Georges Tournay

Personal information
- Date of birth: 6 October 1960 (age 65)
- Place of birth: Cambrai, France
- Height: 1.74 m (5 ft 9 in)
- Position: Forward

Senior career*
- Years: Team / Apps / (Gls)
- 1976–1977: Cambrai
- 1977–1983: Lens / 18 / (0)
- 1983–1985: Abbeville / 55 / (8)
- 1985–1992: Louhans-Cuiseaux / 159 / (16)

Managerial career
- 2001: Lens
- 2012–2013: Boulogne

= Georges Tournay =

French footballer (born 1960)

Georges Tournay (born 6 October 1960) is a French football manager and former player who most recently managed Championnat National side US Boulogne. During his career he played as a forward for Cambrai, Lens, Abbeville and Louhans-Cuiseaux and made over 200 league appearances in total.

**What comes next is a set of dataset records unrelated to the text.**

lemma decreasing_run_card_le:
  fixes t :: "'a :: linorder list"
  assumes "j \<le> e" "e < length t" and decr: "\<And>l. j \<le> l \<Longrightarrow> l < e \<Longrightarrow> t ! Suc l < t ! l"
  shows "Suc e - j \<le> card {x \<in> set (drop j t). x \<le> t ! j}"
proof -
  have less: "j \<le> l \<longrightarrow> l' \<le> e \<longrightarrow> t ! l' < t ! l" if "l < l'" for l l'
    using that by (induction rule: less_Suc_induct) (auto intro: decr order.strict_trans)
  have "inj_on ((!) t) {j..e}"
    by (intro inj_onI, rule ccontr, auto dest: less simp: neq_iff)
  moreover have "(!) t ` {j..e} \<subseteq> {x \<in> set (drop j t). x \<le> t ! j}"
  proof
    fix x assume "x \<in> (!) t ` {j..e}"
    then obtain l where l: "j \<le> l" "l \<le> e" "x = t ! l"
      by auto
    then have "x \<in> set (drop j t)"
      using assms(2) by (auto simp: in_set_conv_nth intro!: exI[of _ "l - j"])
    moreover have "x \<le> t ! j"
      using l less[of j l] by (cases "j = l") auto
    ultimately show "x \<in> {x \<in> set (drop j t). x \<le> t ! j}"
      by simp
  qed
  ultimately have "card {j..e} \<le> card {x \<in> set (drop j t). x \<le> t ! j}"
    by (rule card_inj_on_le) simp
  then show ?thesis
    by simp
qed

lemma ascent_separated_card_le:
  assumes sep: "ascent_separated p" and "j \<le> e" "e < length p"
    and stop: "Suc e = length p \<or> p ! e < p ! Suc e"
  shows "card {x \<in> set (drop j p). x \<le> p ! j} \<le> Suc e - j"
proof -
  have "{x \<in> set (drop j p). x \<le> p ! j} \<subseteq> (!) p ` {j..e}"
  proof
    fix x assume x: "x \<in> {x \<in> set (drop j p). x \<le> p ! j}"
    then obtain i where i: "i < length (drop j p)" "x = drop j p ! i"
      by (auto simp: in_set_conv_nth)
    define l where "l = j + i"
    then have l: "j \<le> l" "l < length p" "x = p ! l"
      using i by auto
    have "l \<le> e"
    proof (rule ccontr)
      assume "\<not> l \<le> e"
      then have "0 < Suc e" "Suc e < length p" "p ! (Suc e - 1) < p ! Suc e"
        using l stop by auto
      moreover have "p ! j \<in> set (take (Suc e) p)"
        using \<open>j \<le> e\<close> \<open>Suc e < length p\<close> by (auto simp: in_set_conv_nth intro!: exI[of _ j])
      moreover have "p ! l \<in> set (drop (Suc e) p)"
        using l \<open>\<not> l \<le> e\<close> by (auto simp: in_set_conv_nth intro!: exI[of _ "l - Suc e"])
      ultimately have "p ! j < p ! l"
        by (rule ascent_separatedD[OF sep])
      then show False
        using x l by simp
    qed
    then show "x \<in> (!) p ` {j..e}"
      using l by auto
  qed
  then have "card {x \<in> set (drop j p). x \<le> p ! j} \<le> card ((!) p ` {j..e})"
    by (intro card_mono) auto
  also have "\<dots> \<le> card {j..e}"
    by (rule card_image_le) simp
  finally show ?thesis
    by simp
qed

lemma set_drop_eq_diff_take:
  assumes "distinct xs"
  shows "set (drop j xs) = set xs - set (take j xs)"
proof -
  have "set (take j xs) \<inter> set (drop j xs) = {}"
    using assms distinct_append[of "take j xs" "drop j xs"] by simp
  moreover have "set xs = set (take j xs) \<union> set (drop j xs)"
    by (metis append_take_drop_id set_append)
  ultimately show ?thesis
    by blast
qed

text \<open>If the words first differ at position j, the letters of the decreasing run of p starting
  at j are the smallest letters available from position j on, while t also decreases on that
  run, so its letter at j cannot be smaller.\<close>

lemma ascent_separated_lex_least:
  assumes p: "perm_word p" and t: "perm_word t" and len: "length t = length p"
    and desc_eq: "desc t = desc p" and sep: "ascent_separated p" and "p \<noteq> t"
  shows "(p, t) \<in> lexord {(a, b). a < b}"
proof -
  obtain j where j: "j < length p" "take j p = take j t" "p ! j \<noteq> t ! j"
    by (rule first_difference[OF len[symmetric] \<open>p \<noteq> t\<close>])
  obtain e where e: "j \<le> e" "e < length p" "Suc e = length p \<or> p ! e < p ! Suc e"
    and in_run: "\<And>l. j \<le> l \<Longrightarrow> l < e \<Longrightarrow> \<not> p ! l < p ! Suc l"
    using first_stop_index[OF j(1), where P = "\<lambda>l. p ! l < p ! Suc l"] by blast
  have run: "p ! Suc l < p ! l \<and> t ! Suc l < t ! l" if "j \<le> l" "l < e" for l
  proof -
    have "Suc l < length p"
      using that e by simp
    moreover have "p ! l \<noteq> p ! Suc l"
      using p calculation by (simp add: perm_word_def nth_eq_iff_index_eq)
    ultimately have p_desc: "p ! Suc l < p ! l"
      using in_run[OF that] by simp
    then have "Suc l \<in> desc t"
      using desc_eq \<open>Suc l < length p\<close> by (simp add: desc_def)
    then show ?thesis
      using p_desc by (simp add: desc_def)
  qed
  have U: "set (drop j t) = set (drop j p)"
    using p t len j(2) by (simp add: perm_word_def set_drop_eq_diff_take)
  have "Suc e - j \<le> card {x \<in> set (drop j p). x \<le> t ! j}"
    using decreasing_run_card_le[of j e t] run e len U by simp
  moreover have "card {x \<in> set (drop j p). x \<le> p ! j} \<le> Suc e - j"
    by (rule ascent_separated_card_le[OF sep e])
  moreover have "p ! j \<in> set (drop j p)" "t ! j \<in> set (drop j t)"
    using j(1) len by (metis Cons_nth_drop_Suc list.set_intros(1))+
  ultimately have "\<not> t ! j < p ! j"
    using strict_mono_on_less[OF strict_mono_on_rank[of "drop j p"]] U by fastforce
  with j len show ?thesis
    unfolding lexord_take_index_conv by auto
qed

After retiring in 1992 he became manager of the Lens C team and was then named reserve team coach two years later. Between 1999 and 2005, Tournay was the assistant manager at Lens, and had a four-month spell in charge of the first team between February 2001 and June 2001. He later worked as the head of youth development at the club before returning to the assistant manager post under László Bölöni in January 2011.

Tournay was hired as head coach of Boulogne on 23 June 2012. He was selected ahed of former Neuchâtel Xamax manager François Ciccolini and Carquefou trainer Denis Renaud.